A monument to history that is generations in the making, the International African American Museum in Charleston is one step closer to reality as it celebrates a major milestone, a ceremonial groundbreaking, this week.

And at the forefront of Elijah Heyward III’s mind are his grandparents — what it would mean to them to see this vision, one they might never have imagined, take shape.

“My greatest influences were my grandparents,” said Heyward, a Beaufort native and chief operating officer of the museum. Three have passed away; he treasures his surviving grandmother.

“I can imagine what this project would mean to all four of them,” he said, “…who saw segregation, who were alive to know people who were formerly enslaved, who endured economic hardship … who really had hopes for me and my generation that they could never really fathom or see come to fruition.”

What’s coming to fruition is a $92 million museum, genealogical center and memorial garden to explore and honor the history of African Americans on the very site where many can trace their family lineage. The International African American Museum is to be a testament to history, to endurance and achievement, to culture and to hope.

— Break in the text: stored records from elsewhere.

(* Let $0<2\delta\le\kappa<\lambda\le1$, $0<\epsilon<1/2$, and let $n$ be a positive integer. Put \[ D_0=\frac{\lambda\log(n)^2}{\epsilon}\,2^{\sqrt{\lambda\log(n)\log\left(\frac{\lambda\log(n)^2}{\epsilon}\right)/3}},\qquad M_0=D_0^2\,n^{\lambda}\,2^{\sqrt{3\lambda\log(n)\log\left(\frac{\lambda\log(n)^2}{\epsilon}\right)}} \] (logarithms base $2$). Suppose $\mathcal{G}$ is an $(n,M,D,n^{\lambda},(1-\epsilon)D)$-bipartite expander with $D\le D_0$ and $M\le M_0$, and that a Hadamard matrix $\mathbf{H}_M$ of order $M$ is given. Let $\mathbf{Q}$ be the pooling matrix constructed from $\mathcal{G}$ and $\mathbf{H}_M$. Then for every $\bm{z}\in\{0,\pm1\}^n$ with $n^{\kappa}\le\lVert\bm{z}\rVert_0\le n^{\lambda}$ we have $\lVert\mathbf{Q}\bm{z}\rVert_\infty\ge\sqrt{1-2\epsilon}\,n^{\delta}$, and the number of rows (pooling complexity) of $\mathbf{Q}$ is \[ MD\ \le\ n^{\lambda}\left(\frac{\lambda\log(n)^2}{\epsilon}\right)^3 4^{\sqrt{3\lambda\log(n)\log\left(\frac{\lambda\log(n)^2}{\epsilon}\right)}}. \]
   Context: A bipartite graph $\mathcal{G}=([N],[M],\mathsf{E})$ is left-$D$-regular if each left vertex has exactly $D$ neighbours; $\Gamma(S)$ is the set of neighbours of $S\subseteq[N]$. It is an $(N,M,D,K,A)$-bipartite expander if it is left-$D$-regular and $|\Gamma(S)|\ge A|S|$ for all $S\subseteq[N]$ with $|S|\le K$. The induced matrix $\mathbf{B}_{\mathcal{G}}\in\{0,1\}^{M\times N}$ has $(j,i)$-entry $1$ iff $(i,j)\in\mathsf{E}$. A Hadamard matrix of order $M$ is an $M\times M$ $\pm1$-matrix with $\mathbf{H}_M^{\intercal}\mathbf{H}_M=M\mathbf{I}$. Construction of $\mathbf{Q}$: write $\mathbf{B}_{\mathcal{G}}=\sum_{i=1}^D\mathbf{B}_i$ with each $\mathbf{B}_i\in\{0,1\}^{M\times N}$ having exactly one nonzero entry per column; set $\mathbf{D}_i=\mathbf{H}_M\mathbf{B}_i$ and stack $\mathbf{Q}=[\mathbf{D}_1;\dots;\mathbf{D}_D]$ vertically (an $MD\times N$ matrix). $\lVert\cdot\rVert_0$ counts nonzero entries; $\lVert\cdot\rVert_\infty$ is the max absolute entry. *)

theory Defs
  imports Complex_Main
begin

text \<open>Bipartite graphs G = ([N],[M],E): left vertices 0..<N, right vertices 0..<M,
  edge set E of pairs (left, right).\<close>

definition nbhd :: "(nat \<times> nat) set \<Rightarrow> nat set \<Rightarrow> nat set" where
  "nbhd E S = {j. \<exists>i\<in>S. (i, j) \<in> E}"

definition left_regular :: "nat \<Rightarrow> nat \<Rightarrow> nat \<Rightarrow> (nat \<times> nat) set \<Rightarrow> bool" where
  "left_regular N M D E \<longleftrightarrow>
     E \<subseteq> {0..<N} \<times> {0..<M} \<and> (\<forall>i<N. card (nbhd E {i}) = D)"

definition bip_expander ::
  "nat \<Rightarrow> nat \<Rightarrow> nat \<Rightarrow> real \<Rightarrow> real \<Rightarrow> (nat \<times> nat) set \<Rightarrow> bool" where
  "bip_expander N M D K A E \<longleftrightarrow> left_regular N M D E \<and>
     (\<forall>S. S \<subseteq> {0..<N} \<longrightarrow> real (card S) \<le> K \<longrightarrow>
          real (card (nbhd E S)) \<ge> A * real (card S))"

definition induced_matrix :: "(nat \<times> nat) set \<Rightarrow> nat \<Rightarrow> nat \<Rightarrow> real" where
  "induced_matrix E j i = (if (i, j) \<in> E then 1 else 0)"

definition hadamard :: "nat \<Rightarrow> (nat \<Rightarrow> nat \<Rightarrow> real) \<Rightarrow> bool" where
  "hadamard M H \<longleftrightarrow>
     (\<forall>a<M. \<forall>b<M. H a b = 1 \<or> H a b = -1) \<and>
     (\<forall>a<M. \<forall>b<M. (\<Sum>k<M. H k a * H k b) = (if a = b then real M else 0))"

text \<open>A decomposition B_G = sum_{i<D} B_i where each B_i is a 0/1 M x N matrix
  with exactly one nonzero entry per column (indices i = 0..<D instead of 1..D).\<close>
definition valid_decomposition ::
  "nat \<Rightarrow> nat \<Rightarrow> nat \<Rightarrow> (nat \<times> nat) set \<Rightarrow> (nat \<Rightarrow> nat \<Rightarrow> nat \<Rightarrow> real) \<Rightarrow> bool" where
  "valid_decomposition N M D E Bs \<longleftrightarrow>
     (\<forall>i<D. (\<forall>r<M. \<forall>c<N. Bs i r c = 0 \<or> Bs i r c = 1) \<and>
            (\<forall>c<N. card {r\<in>{0..<M}. Bs i r c \<noteq> 0} = 1)) \<and>
     (\<forall>r<M. \<forall>c<N. (\<Sum>i<D. Bs i r c) = induced_matrix E r c)"

text \<open>The pooling matrix Q = [H B_0; ...; H B_{D-1}] (an MD x N matrix):
  row p corresponds to block p div M and row p mod M within the block.\<close>
definition pool_matrix ::
  "nat \<Rightarrow> (nat \<Rightarrow> nat \<Rightarrow> real) \<Rightarrow> (nat \<Rightarrow> nat \<Rightarrow> nat \<Rightarrow> real) \<Rightarrow> nat \<Rightarrow> nat \<Rightarrow> real" where
  "pool_matrix M H Bs p c = (\<Sum>k<M. H (p mod M) k * Bs (p div M) k c)"

definition mat_vec :: "nat \<Rightarrow> (nat \<Rightarrow> nat \<Rightarrow> real) \<Rightarrow> (nat \<Rightarrow> real) \<Rightarrow> nat \<Rightarrow> real" where
  "mat_vec N A z p = (\<Sum>c<N. A p c * z c)"

definition l0_norm :: "nat \<Rightarrow> (nat \<Rightarrow> real) \<Rightarrow> nat" where
  "l0_norm N z = card {c\<in>{0..<N}. z c \<noteq> 0}"

definition linf_norm :: "nat \<Rightarrow> (nat \<Rightarrow> real) \<Rightarrow> real" where
  "linf_norm m v = (if m = 0 then 0 else Max ((\<lambda>p. \<bar>v p\<bar>) ` {0..<m}))"

end

theory Submission imports Defs begin

text \<open>Let S be the support of the ternary vector z. Expansion forces at least
  (1 - 2 eps) D |S| right vertices to have exactly one neighbour in S, and at each such
  vertex r the vector ((B_i z)_r)_{i<D} is a signed unit vector. Hence the blocks B_i z carry
  total squared norm at least (1 - 2 eps) D |S|, and some single block carries
  (1 - 2 eps) |S|. As H^T H = M I, the rows of H cannot all be shorter than that block in
  absolute inner product, so some entry of Q z is at least sqrt ((1 - 2 eps) |S|), which is at
  least sqrt (1 - 2 eps) n^delta because |S| \<ge> n^kappa \<ge> n^(2 delta).\<close>

lemma exists_ge_average:
  fixes f :: "'a \<Rightarrow> real"
  assumes "finite A" and "A \<noteq> {}"
  shows "\<exists>a\<in>A. sum f A \<le> real (card A) * f a"
proof (rule ccontr)
  assume "\<not> ?thesis"
  moreover have "0 < real (card A)"
    using assms by (simp add: card_gt_0_iff)
  ultimately have "\<And>a. a \<in> A \<Longrightarrow> f a < sum f A / real (card A)"
    by (auto simp: not_le pos_less_divide_eq mult.commute)
  then have "sum f A < real (card A) * (sum f A / real (card A))"
    using assms by (intro sum_bounded_above_strict) auto
  with assms show False by simp
qed

lemma hadamard_sum_squares:
  fixes y :: "nat \<Rightarrow> real"
  assumes "hadamard M H"
  shows "(\<Sum>a<M. (\<Sum>k<M. H a k * y k)\<^sup>2) = real M * (\<Sum>k<M. (y k)\<^sup>2)"
proof -
  have orth: "\<And>k l. k < M \<Longrightarrow> l < M \<Longrightarrow>
      (\<Sum>a<M. H a k * H a l) = (if k = l then real M else 0)"
    using assms unfolding hadamard_def by blast
  have "(\<Sum>a<M. (\<Sum>k<M. H a k * y k)\<^sup>2)
      = (\<Sum>a<M. \<Sum>k<M. \<Sum>l<M. (H a k * y k) * (H a l * y l))"
    by (simp add: power2_eq_square sum_product)
  also have "\<dots> = (\<Sum>k<M. \<Sum>l<M. \<Sum>a<M. (H a k * y k) * (H a l * y l))"
    by (subst sum.swap) (rule sum.cong[OF refl], rule sum.swap)
  also have "\<dots> = (\<Sum>k<M. \<Sum>l<M. y k * y l * (\<Sum>a<M. H a k * H a l))"
    by (simp add: sum_distrib_left mult_ac)
  also have "\<dots> = (\<Sum>k<M. \<Sum>l<M. if k = l then real M * (y k)\<^sup>2 else 0)"
    by (intro sum.cong refl) (simp add: orth power2_eq_square)
  also have "\<dots> = real M * (\<Sum>k<M. (y k)\<^sup>2)"
    by (simp add: sum_distrib_left)
  finally show ?thesis .
qed

lemma hadamard_exists_large_entry:
  fixes y :: "nat \<Rightarrow> real"
  assumes "hadamard M H" and "0 < M"
  shows "\<exists>a<M. sqrt (\<Sum>k<M. (y k)\<^sup>2) \<le> \<bar>\<Sum>k<M. H a k * y k\<bar>"
proof -
  obtain a where a: "a < M"
    and "(\<Sum>a<M. (\<Sum>k<M. H a k * y k)\<^sup>2) \<le> real M * (\<Sum>k<M. H a k * y k)\<^sup>2"
    using exists_ge_average[of "{..<M}" "\<lambda>a. (\<Sum>k<M. H a k * y k)\<^sup>2"] assms(2) by auto
  then have "(\<Sum>k<M. (y k)\<^sup>2) \<le> (\<Sum>k<M. H a k * y k)\<^sup>2"
    using assms by (simp add: hadamard_sum_squares)
  then have "sqrt (\<Sum>k<M. (y k)\<^sup>2) \<le> sqrt ((\<Sum>k<M. H a k * y k)\<^sup>2)"
    by (rule real_sqrt_le_mono)
  with a show ?thesis by auto
qed

definition unique_nbhd :: "(nat \<times> nat) set \<Rightarrow> nat \<Rightarrow> nat set \<Rightarrow> nat set" where
  "unique_nbhd E M S = {r\<in>{0..<M}. card (S \<inter> {c. (c, r) \<in> E}) = 1}"

text \<open>Counting the D |S| edges leaving S by their right endpoint: every neighbour of S
  receives at least one of them, and every non-unique neighbour at least two.\<close>
lemma left_regular_card_unique_nbhd:
  assumes lr: "left_regular n M D E" and Sn: "S \<subseteq> {0..<n}"
  shows "2 * real (card (nbhd E S)) - real (card (unique_nbhd E M S)) \<le> real D * real (card S)"
proof -
  define dg where "dg r = card (S \<inter> {c. (c, r) \<in> E})" for r
  have fS: "finite S" using Sn finite_subset by blast
  have Esub: "E \<subseteq> {0..<n} \<times> {0..<M}" and reg: "\<And>i. i < n \<Longrightarrow> card (nbhd E {i}) = D"
    using lr unfolding left_regular_def by auto
  have deg: "real D = (\<Sum>r\<in>{0..<M}. of_bool ((c, r) \<in> E))" if "c \<in> S" for c
  proof -
    have "nbhd E {c} = {0..<M} \<inter> {r. (c, r) \<in> E}" using Esub unfolding nbhd_def by auto
    moreover have "c < n" using that Sn by auto
    ultimately show ?thesis using reg[of c] by simp
  qed
  have "real D * real (card S) = (\<Sum>c\<in>S. real D)"
    by simp
  also have "\<dots> = (\<Sum>c\<in>S. \<Sum>r\<in>{0..<M}. of_bool ((c, r) \<in> E))"
    using deg by (rule sum.cong[OF refl])
  also have "\<dots> = (\<Sum>r\<in>{0..<M}. real (dg r))"
    using fS by (subst sum.swap) (simp add: dg_def)
  finally have edges: "real D * real (card S) = (\<Sum>r\<in>{0..<M}. real (dg r))" .
  have "nbhd E S = {0..<M} \<inter> {r. dg r \<noteq> 0}"
    using Esub fS unfolding nbhd_def dg_def by auto
  then have nb: "real (card (nbhd E S)) = (\<Sum>r\<in>{0..<M}. of_bool (dg r \<noteq> 0))"
    by simp
  have "unique_nbhd E M S = {0..<M} \<inter> {r. dg r = 1}"
    unfolding unique_nbhd_def dg_def by blast
  then have un: "real (card (unique_nbhd E M S)) = (\<Sum>r\<in>{0..<M}. of_bool (dg r = 1))"
    by simp
  have "(\<Sum>r\<in>{0..<M}. 2 * of_bool (dg r \<noteq> 0) - of_bool (dg r = 1)) \<le> (\<Sum>r\<in>{0..<M}. real (dg r))"
  proof (intro sum_mono)
    show "2 * of_bool (dg r \<noteq> 0) - of_bool (dg r = 1) \<le> real (dg r)" for r
      by (cases "dg r = 0"; cases "dg r = 1") auto
  qed
  then show ?thesis
    unfolding edges nb un by (simp add: sum_subtractf sum_distrib_left)
qed

lemma bip_expander_card_unique_nbhd:
  assumes "bip_expander n M D K ((1 - eps) * real D) E"
    and "S \<subseteq> {0..<n}" and "real (card S) \<le> K"
  shows "(1 - 2 * eps) * real D * real (card S) \<le> real (card (unique_nbhd E M S))"
proof -
  have "left_regular n M D E"
    and "(1 - eps) * real D * real (card S) \<le> real (card (nbhd E S))"
    using assms unfolding bip_expander_def by auto
  with left_regular_card_unique_nbhd[OF _ assms(2)] show ?thesis
    by (fastforce simp: algebra_simps)
qed

lemma valid_decomposition_zero_off_edges:
  assumes "valid_decomposition n M D E Bs"
    and "i < D" and "r < M" and "c < n" and "(c, r) \<notin> E"
  shows "Bs i r c = 0"
proof -
  have "\<forall>i\<in>{..<D}. Bs i r c = 0 \<or> Bs i r c = 1"
    and "(\<Sum>i<D. Bs i r c) = 0"
    using assms unfolding valid_decomposition_def induced_matrix_def by auto
  then have "\<forall>i\<in>{..<D}. Bs i r c = 0"
    by (subst sum_nonneg_eq_0_iff[symmetric]) force+
  with assms(2) show ?thesis by simp
qed

text \<open>Only the unique neighbour c0 of r in the support contributes to (B_i z)_r, and since
  the B_i are 0/1 and sum to the incidence matrix, B_i r c0 = 1 for exactly one i.\<close>
lemma valid_decomposition_unique_nbhd_sum_squares:
  assumes dec: "valid_decomposition n M D E Bs"
    and z: "\<forall>c<n. z c \<in> {-1, 0, 1}"
    and r: "r \<in> unique_nbhd E M {c\<in>{0..<n}. z c \<noteq> 0}"
  shows "(\<Sum>i<D. (\<Sum>c<n. Bs i r c * z c)\<^sup>2) = 1"
proof -
  define S where "S = {c\<in>{0..<n}. z c \<noteq> 0}"
  have rM: "r < M" and "card (S \<inter> {c. (c, r) \<in> E}) = 1"
    using r unfolding unique_nbhd_def S_def by auto
  then obtain c0 where c0: "S \<inter> {c. (c, r) \<in> E} = {c0}"
    by (auto simp: card_Suc_eq)
  then have c0n: "c0 < n" and c0E: "(c0, r) \<in> E" and zc0: "(z c0)\<^sup>2 = 1"
    using z unfolding S_def by auto
  have entry: "(\<Sum>c<n. Bs i r c * z c) = Bs i r c0 * z c0" if i: "i < D" for i
  proof -
    have "\<forall>c\<in>{..<n} - {c0}. Bs i r c * z c = 0"
    proof
      fix c assume c: "c \<in> {..<n} - {c0}"
      show "Bs i r c * z c = 0"
      proof (cases "z c = 0")
        case False
        with c c0 have "(c, r) \<notin> E" unfolding S_def by auto
        with c show ?thesis
          using valid_decomposition_zero_off_edges[OF dec i rM] by simp
      qed simp
    qed
    then have "(\<Sum>c\<in>{..<n} - {c0}. Bs i r c * z c) = 0"
      by (rule sum.neutral)
    then show ?thesis
      using c0n by (subst sum.remove[of _ c0]) auto
  qed
  have "(\<Sum>i<D. (\<Sum>c<n. Bs i r c * z c)\<^sup>2) = (\<Sum>i<D. Bs i r c0)"
  proof (intro sum.cong refl)
    fix i assume "i \<in> {..<D}"
    then have "Bs i r c0 = 0 \<or> Bs i r c0 = 1" and "(\<Sum>c<n. Bs i r c * z c) = Bs i r c0 * z c0"
      using entry dec rM c0n unfolding valid_decomposition_def by auto
    then show "(\<Sum>c<n. Bs i r c * z c)\<^sup>2 = Bs i r c0"
      using zc0 by (auto simp: power_mult_distrib)
  qed
  also have "\<dots> = 1"
    using dec rM c0n c0E unfolding valid_decomposition_def induced_matrix_def by simp
  finally show ?thesis .
qed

“I’m excited to be able to welcome my grandmother to this museum and show her around and be able to witness the experience to her eyes,” Heyward said. “This institution and the hard work that we’re putting into making it a reality is meant to be a testament to them and their generation.”

The International African American Museum started with a vision by former Charleston Mayor Joe Riley, who was inspired by the 1998 book “Slaves in the Family” by Edward Ball, a descendant of slaveholders.

At the height of the Atlantic slave trade, between 1783 and 1808, an estimated 100,000 enslaved Africans were brought through Charleston, according to historians.

“I was struck with how little of this history I knew and how little of this history most people do (know). And it was our duty to present it,” said Riley, who first publicly presented the museum plans during his inaugural address in 2000. “I think it has created a structural defect in our country that we don’t know this history. … We haven’t embraced the history.”

In truth, the museum’s roots reach much, much further back than Riley’s vision — back to the 1780s at Charleston’s Gadsden’s Wharf, through which nearly half of all enslaved Africans who were brought to North America were funneled, historians estimate..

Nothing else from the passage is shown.